Again, the same results for the coefficients are given, so we can be satisfied that the OLS estimators were computed correctly using our methods developed from linear algebra fundamentals.

# 5.0 Conclusion

This tutorial serves as the starting point for students of linear algebra. The validation of an important statistical result with deep linear algebra connections provides an idea of how linear algebra is behind many powerful ideas. By using its fundamental methods and programming concepts, an appreciation of practical application to real world problems is also provided. 

However, for brevity's sake significant gaps of knowledge exist in this tutorial.

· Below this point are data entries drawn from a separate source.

lemma winding_number_circle_minus_petal_power:
  assumes "1 \<le> n" "0 < r"
  shows "0 \<notin> path_image (\<lambda>t. circlepath 0 r t - petal_power n (circlepath 0 r t))"
    and "winding_number (\<lambda>t. circlepath 0 r t - petal_power n (circlepath 0 r t)) 0
      = 1 - of_nat (card {p \<in> P. (\<sigma> ^^ n) p = p})"
proof -
  let ?z = "circlepath 0 r"
  define h where "h p t = 1 - petal_term n p (?z t) / ?z t" for p t
  have z_nonzero: "?z t \<noteq> 0" for t
    using norm_circlepath[of r t] assms(2) by auto
  have factor: "?z t - petal_term n p (?z t) = ?z t * h p t" for p t
    using z_nonzero[of t] by (simp add: h_def field_simps)
  have product: "?z t - petal_power n (?z t) = ?z t * (\<Prod>p\<in>P. h p t)" for t
  proof -
    have "(\<Prod>p\<in>P. h p t) = 1 - (\<Sum>p\<in>P. petal_term n p (?z t) / ?z t)"
      unfolding h_def
    proof (rule prod_one_minus_disjoint_support[OF finite_P])
      fix p q assume "p \<in> P" "q \<in> P" "p \<noteq> q"
      then show "petal_term n p (?z t) / ?z t * (petal_term n q (?z t) / ?z t) = 0"
        using petal_disjoint by (fastforce simp: petal_term_def)
    qed
    then show ?thesis
      using z_nonzero[of t] by (simp add: petal_power_def sum_divide_distrib[symmetric] field_simps)
  qed
  have h_path: "path (h p)" for p
    unfolding h_def path_def using z_nonzero path_circlepath[of 0 r, unfolded path_def]
    by (intro continuous_intros continuous_on_compose_circlepath continuous_on_petal_term) auto
  have h_nonzero: "0 \<notin> path_image (h p)" if "p \<in> P" for p
    using factor circle_minus_petal_term_nonzero[OF assms(1) that z_nonzero]
    by (auto simp: path_image_def)
  have h_winding: "winding_number (h p) 0 = (if (\<sigma> ^^ n) p = p then -1 else 0)" if "p \<in> P" for p
  proof -
    have "winding_number (\<lambda>t. ?z t * h p t) 0 = winding_number ?z 0 + winding_number (h p) 0"
      using h_path h_nonzero[OF that] z_nonzero
      by (intro winding_number_mult) (auto simp: path_image_def)
    moreover have "winding_number (\<lambda>t. ?z t * h p t) 0 = (if (\<sigma> ^^ n) p = p then 0 else 1)"
      using winding_number_circle_minus_petal_term[OF assms(1) that assms(2)] factor by simp
    ultimately show ?thesis
      using winding_number_circlepath_centre[OF assms(2)]
      by (auto split: if_splits simp: eq_neg_iff_add_eq_0 add.commute)
  qed
  show "0 \<notin> path_image (\<lambda>t. ?z t - petal_power n (?z t))"
    using product z_nonzero h_nonzero finite_P by (auto simp: path_image_def image_iff)
  have "winding_number (\<lambda>t. ?z t - petal_power n (?z t)) 0
      = winding_number ?z 0 + winding_number (\<lambda>t. \<Prod>p\<in>P. h p t) 0"
    unfolding product using h_path h_nonzero z_nonzero finite_P path_circlepath[of 0 r]
    by (intro winding_number_mult) (auto simp: path_def path_image_def image_iff intro!: continuous_intros)
  also have "\<dots> = 1 + (\<Sum>p\<in>P. if (\<sigma> ^^ n) p = p then -1 else 0)"
    using winding_number_prod[OF finite_P h_path h_nonzero] h_winding
      winding_number_circlepath_centre[OF assms(2)] by simp
  also have "\<dots> = 1 - of_nat (card {p \<in> P. (\<sigma> ^^ n) p = p})"
    using finite_P by (simp add: sum.If_cases Int_def)
  finally show "winding_number (\<lambda>t. ?z t - petal_power n (?z t)) 0
      = 1 - of_nat (card {p \<in> P. (\<sigma> ^^ n) p = p})" .
qed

For example, the underlying assumptions that validate linear regression are ignored, and a lengthy geometrical interpretation of OLS estimators in linear algebra was omitted. 

On the other hand, it is hoped readers will appreciate that further exploration of statistical concepts can only be developed with knowledge of linear algebra, and that their practical application can be fully exploited by tools which are themselves inspired by linear algebra. 

# 6.0 References

https://developers.google.com/machine-learning/crash-course/california-housing-data-description

https://pandas.pydata.org/

https://www.statsmodels.org/dev/gettingstarted.html

Schott, J. R. (2017). Matrix analysis for statistics.